- Task objective: For this exercise, copy each line of the records that contains the word "forall".

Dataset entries

lemma longest_path_fromD:
  "longest_path_from E S x ps \<Longrightarrow> path_in E S ps"
  "longest_path_from E S x ps \<Longrightarrow> hd ps = x"
  unfolding longest_path_from_def by simp_all

lemma length_path_in_le_card: "finite S \<Longrightarrow> path_in E S ps \<Longrightarrow> length ps \<le> card S"
  unfolding path_in_def by (metis card_mono distinct_card)

lemma ex_longest_path_from:
  assumes S: "finite S" and ps: "path_in E S ps"
  shows "\<exists>qs. longest_path_from E S (hd ps) qs \<and> length ps \<le> length qs"
proof -
  let ?P = "\<lambda>n. \<exists>qs. path_in E S qs \<and> hd qs = hd ps \<and> length qs = n"
  have "\<forall>n. ?P n \<longrightarrow> n \<le> card S"
    using length_path_in_le_card[OF S] by blast
  then obtain n where n: "?P n" "\<forall>k. ?P k \<longrightarrow> k \<le> n"
    using Nat.ex_has_greatest_nat[of ?P "length ps" "card S"] ps by blast
  then obtain qs where "path_in E S qs" "hd qs = hd ps" "length qs = n"
    by blast
  with n(2) ps show ?thesis
    unfolding longest_path_from_def by blast
qed

lemma longest_path_from_nbhd_subset:
  assumes ps: "longest_path_from E S x ps" and S: "nbhd V E (last ps) \<subseteq> S"
  shows "nbhd V E (last ps) \<subseteq> set ps"
proof
  fix z
  assume z: "z \<in> nbhd V E (last ps)"
  have path: "path_in E S ps" "hd ps = x"
    and longest: "\<And>qs. path_in E S qs \<Longrightarrow> hd qs = x \<Longrightarrow> length qs \<le> length ps"
    using ps unfolding longest_path_from_def by simp_all
  show "z \<in> set ps"
  proof (rule ccontr)
    assume "z \<notin> set ps"
    moreover have "z \<in> S" "E (last ps) z"
      using z S unfolding nbhd_def by blast+
    ultimately have "path_in E S (ps @ [z])"
      using path(1) unfolding path_in_def by (simp add: successively_append_iff)
    moreover have "hd (ps @ [z]) = x"
      using path unfolding path_in_def by simp
    ultimately show False
      using longest by fastforce
  qed
qed

definition posa_rotation :: "nat \<Rightarrow> 'a list \<Rightarrow> 'a list" where
  "posa_rotation i ps = take (Suc i) ps @ rev (drop (Suc i) ps)"

lemma length_posa_rotation [simp]: "length (posa_rotation i ps) = length ps"
  unfolding posa_rotation_def by simp

lemma hd_posa_rotation: "ps \<noteq> [] \<Longrightarrow> hd (posa_rotation i ps) = hd ps"
  unfolding posa_rotation_def by (cases ps) simp_all

lemma last_posa_rotation: "Suc i < length ps \<Longrightarrow> last (posa_rotation i ps) = ps ! Suc i"
  unfolding posa_rotation_def by (simp add: last_rev hd_drop_conv_nth)

lemma path_in_posa_rotation:
  assumes sym: "symp E" and ps: "path_in E S ps" and i: "Suc i < length ps"
    and edge: "E (ps ! i) (last ps)"
  shows "path_in E S (posa_rotation i ps)"
proof -
  have "set (take (Suc i) ps) \<inter> set (drop (Suc i) ps) = {}"
    using ps unfolding path_in_def by (metis distinct_append append_take_drop_id)
  moreover have "set (posa_rotation i ps) = set ps"
    unfolding posa_rotation_def by (metis append_take_drop_id set_append set_rev)
  moreover have "successively E (rev (drop (Suc i) ps))"
    using ps sym unfolding path_in_def
    by (auto intro: successively_mono[OF successively_drop] dest: sympD)
  moreover have "last (take (Suc i) ps) = ps ! i" "hd (rev (drop (Suc i) ps)) = last ps"
    using i by (simp_all add: take_Suc_conv_app_nth hd_rev)
  ultimately show ?thesis
    using ps i edge unfolding path_in_def posa_rotation_def
    by (auto simp: successively_append_iff successively_take)
qed

lemma longest_path_from_posa_rotation:
  assumes "symp E" "longest_path_from E S x ps" "Suc i < length ps" "E (ps ! i) (last ps)"
  shows "longest_path_from E S x (posa_rotation i ps)"
  using assms path_in_posa_rotation[of E S ps i] hd_posa_rotation[of ps i]
  unfolding longest_path_from_def path_in_def by auto

section \<open>Minimum degree\<close>

lemma ex_other_neighbour_of_pendant:
  assumes sg: "sgraph V E" and conn: "connected_in E V" and V: "3 \<le> card V"
    and u: "u \<in> V" "nbhd V E u = {v}"
  shows "\<exists>w. E v w \<and> w \<noteq> u"
proof (rule ccontr)
  assume "\<not> (\<exists>w. E v w \<and> w \<noteq> u)"
  then have closed: "\<forall>a b. a \<in> {u, v} \<longrightarrow> b \<in> V \<longrightarrow> E a b \<longrightarrow> b \<in> {u, v}"
    using u(2) unfolding nbhd_def by blast
  have "card {u, v} < card V"
    using V by (simp add: card_insert_if)
  then obtain t where t: "t \<in> V" "t \<notin> {u, v}"
    by (metis card_mono finite.insertI finite.emptyI leD subsetI)
  with conn u(1) have "reach_in E V u t"
    unfolding connected_in_def by blast
  then have "t \<in> {u, v}"
    by (rule reach_in_closed) (use closed in simp_all)
  with t show False
    by blast
qed

lemma has_chorded_cycle_if_pendant:
  assumes sg: "sgraph V E" and conn: "connected_in E V" and V: "4 \<le> card V"
    and d2: "delta2_ge V E 4" and u: "u \<in> V" and Nu: "nbhd V E u = {v}"
  shows "has_chorded_cycle V E"
proof (rule ccontr)
  assume chordless: "\<not> has_chorded_cycle V E"
  have uv: "v \<in> V" "E u v"
    using Nu unfolding nbhd_def by blast+
  obtain w where vw: "E v w" "w \<noteq> u"
    using ex_other_neighbour_of_pendant[OF sg conn _ u Nu] V by auto
  have "u \<noteq> v" "v \<noteq> w" "w \<in> V"
    using uv vw sgraph_irrefl[OF sg] sgraph_edge_in[OF sg] by metis+
  with uv vw u have "path_in E V [u, v, w]"
    unfolding path_in_def by simp
  then obtain ps where ps: "longest_path_from E V u ps" "3 \<le> length ps"
    using ex_longest_path_from[OF sgraph_finite[OF sg]] by fastforce
  have path: "path_in E V ps"
    using ps(1) by (rule longest_path_fromD)
  then have hd: "ps ! 0 = u"
    using longest_path_fromD(2)[OF ps(1)] unfolding path_in_def by (simp add: hd_conv_nth)
  have "E u (ps ! 1)"
    using successively_nth[of E ps 0] path ps(2) hd unfolding path_in_def by simp
  then have "ps ! 1 = v"
    using Nu in_nbhd_iff[OF sg] by blast
  moreover have "last ps = ps ! (length ps - 1)"
    using path unfolding path_in_def by (simp add: last_conv_nth)
  moreover have "ps ! (length ps - 1) \<noteq> ps ! 0" "ps ! (length ps - 1) \<noteq> ps ! 1"
    using ps(2) by (intro path_in_nth_neq[OF path]; linarith)+
  ultimately have "last ps \<noteq> u" "last ps \<noteq> v"
    using hd by simp_all
  then have "\<not> E u (last ps)"
    using Nu in_nbhd_iff[OF sg] by blast
  then have "\<not> E (last ps) u"
    using sgraph_symp[OF sg] by (metis sympD)
  moreover have "last ps \<in> V"
    using path unfolding path_in_def by auto
  ultimately have "4 \<le> card (nbhd V E (last ps) \<union> nbhd V E u)"
    using d2 u \<open>last ps \<noteq> u\<close> unfolding delta2_ge_def by blast
  then have "3 \<le> card (nbhd V E (last ps))"
    using card_Un_le[of "nbhd V E (last ps)" "nbhd V E u"] Nu by simp
  moreover have "nbhd V E (last ps) \<subseteq> set ps"
    using longest_path_from_nbhd_subset[OF ps(1) nbhd_subset] .
  ultimately show False
    using card_nbhd_last_le_2[OF sg chordless path] by simp
qed

lemma two_le_card_nbhd:
  assumes sg: "sgraph V E" and conn: "connected_in E V" and V: "4 \<le> card V"
    and d2: "delta2_ge V E 4" and chordless: "\<not> has_chorded_cycle V E" and u: "u \<in> V"
  shows "2 \<le> card (nbhd V E u)"
proof (rule ccontr)
  assume "\<not> 2 \<le> card (nbhd V E u)"
  moreover have "V \<noteq> {u}"
    using V by (intro notI) simp
  then have "nbhd V E u \<noteq> {}"
    using ex_neighbour[OF conn u] u unfolding nbhd_def by blast
  then have "card (nbhd V E u) \<noteq> 0"
    using finite_nbhd[OF sg] by simp
  ultimately have "card (nbhd V E u) = 1"
    by linarith
  then obtain v where "nbhd V E u = {v}"
    by (rule card_1_singletonE)
  with has_chorded_cycle_if_pendant[OF sg conn V d2 u] chordless show False
    by blast
qed

section \<open>Leaf blocks\<close>

context
  fixes V :: "'a set" and E :: "'a \<Rightarrow> 'a \<Rightarrow> bool" and B :: "'a set" and x :: 'a
  assumes sg: "sgraph V E" and chordless: "\<not> has_chorded_cycle V E"
    and min_degree: "\<forall>v\<in>V. 2 \<le> card (nbhd V E v)"
    and B_V: "B \<subseteq> V" and B_closed: "\<forall>w\<in>B - {x}. nbhd V E w \<subseteq> B"
begin

lemma longest_path_end_nbhd:
  assumes ps: "longest_path_from E B x ps" and y: "last ps \<noteq> x"
  shows "nbhd V E (last ps) \<subseteq> set ps" "card (nbhd V E (last ps)) = 2"
proof -
  have path: "path_in E B ps"
    using ps by (rule longest_path_fromD)
  then have "last ps \<in> B"
    unfolding path_in_def by auto
  with y B_closed show sub: "nbhd V E (last ps) \<subseteq> set ps"
    using longest_path_from_nbhd_subset[OF ps] by blast
  have "card (nbhd V E (last ps)) \<le> 2"
    using card_nbhd_last_le_2[OF sg chordless path_in_mono[OF path B_V] sub] .
  moreover have "2 \<le> card (nbhd V E (last ps))"
    using min_degree \<open>last ps \<in> B\<close> B_V by blast
  ultimately show "card (nbhd V E (last ps)) = 2"
    by simp
qed

lemma longest_path_end_nbhd_eq:
  assumes ps: "longest_path_from E B x ps" "2 \<le> length ps"
  shows "\<exists>i. i + 2 < length ps \<and> nbhd V E (last ps) = {ps ! (length ps - 2), ps ! i}"
proof -
  let ?n = "length ps"
  have path: "path_in E B ps"
    using ps(1) by (rule longest_path_fromD)
  then have last: "last ps = ps ! (?n - 1)"
    unfolding path_in_def by (simp add: last_conv_nth)
  have hd: "ps ! 0 = x"
    using longest_path_fromD(2)[OF ps(1)] path unfolding path_in_def by (simp add: hd_conv_nth)
  have "ps ! (?n - 1) \<noteq> ps ! 0"
    using ps(2) by (intro path_in_nth_neq[OF path]) linarith+
  with last hd have "last ps \<noteq> x"
    by simp
  note end_y = longest_path_end_nbhd[OF ps(1) this]
  have "Suc (?n - 2) = ?n - 1" "Suc (?n - 2) < ?n"
    using ps(2) by linarith+
  then have "E (ps ! (?n - 2)) (last ps)"
    using successively_nth[of E ps "?n - 2"] path last unfolding path_in_def by simp
  then have pred: "ps ! (?n - 2) \<in> nbhd V E (last ps)"
    using sympD[OF sgraph_symp[OF sg]] in_nbhd_iff[OF sg] by metis
  then have "card (nbhd V E (last ps) - {ps ! (?n - 2)}) = 1"
    using end_y(2) finite_nbhd[OF sg] by (simp add: card_Diff_singleton)
  then obtain a where "nbhd V E (last ps) - {ps ! (?n - 2)} = {a}"
    by (rule card_1_singletonE)
  then have a: "a \<in> nbhd V E (last ps)" "a \<noteq> ps ! (?n - 2)"
    by blast+
  then obtain i where i: "i + 2 < ?n" "ps ! i = a"
    using back_neighbour_index[OF sg] end_y(1) in_nbhd_iff[OF sg] by blast
  with card_2_eq[OF end_y(2) pred a(1) a(2)[symmetric]] show ?thesis
    by auto
qed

- Result of the task:
  have "\<forall>n. ?P n \<longrightarrow> n \<le> card S"
  then obtain n where n: "?P n" "\<forall>k. ?P k \<longrightarrow> k \<le> n"
  then have closed: "\<forall>a b. a \<in> {u, v} \<longrightarrow> b \<in> V \<longrightarrow> E a b \<longrightarrow> b \<in> {u, v}"
    and min_degree: "\<forall>v\<in>V. 2 \<le> card (nbhd V E v)"
    and B_V: "B \<subseteq> V" and B_closed: "\<forall>w\<in>B - {x}. nbhd V E w \<subseteq> B"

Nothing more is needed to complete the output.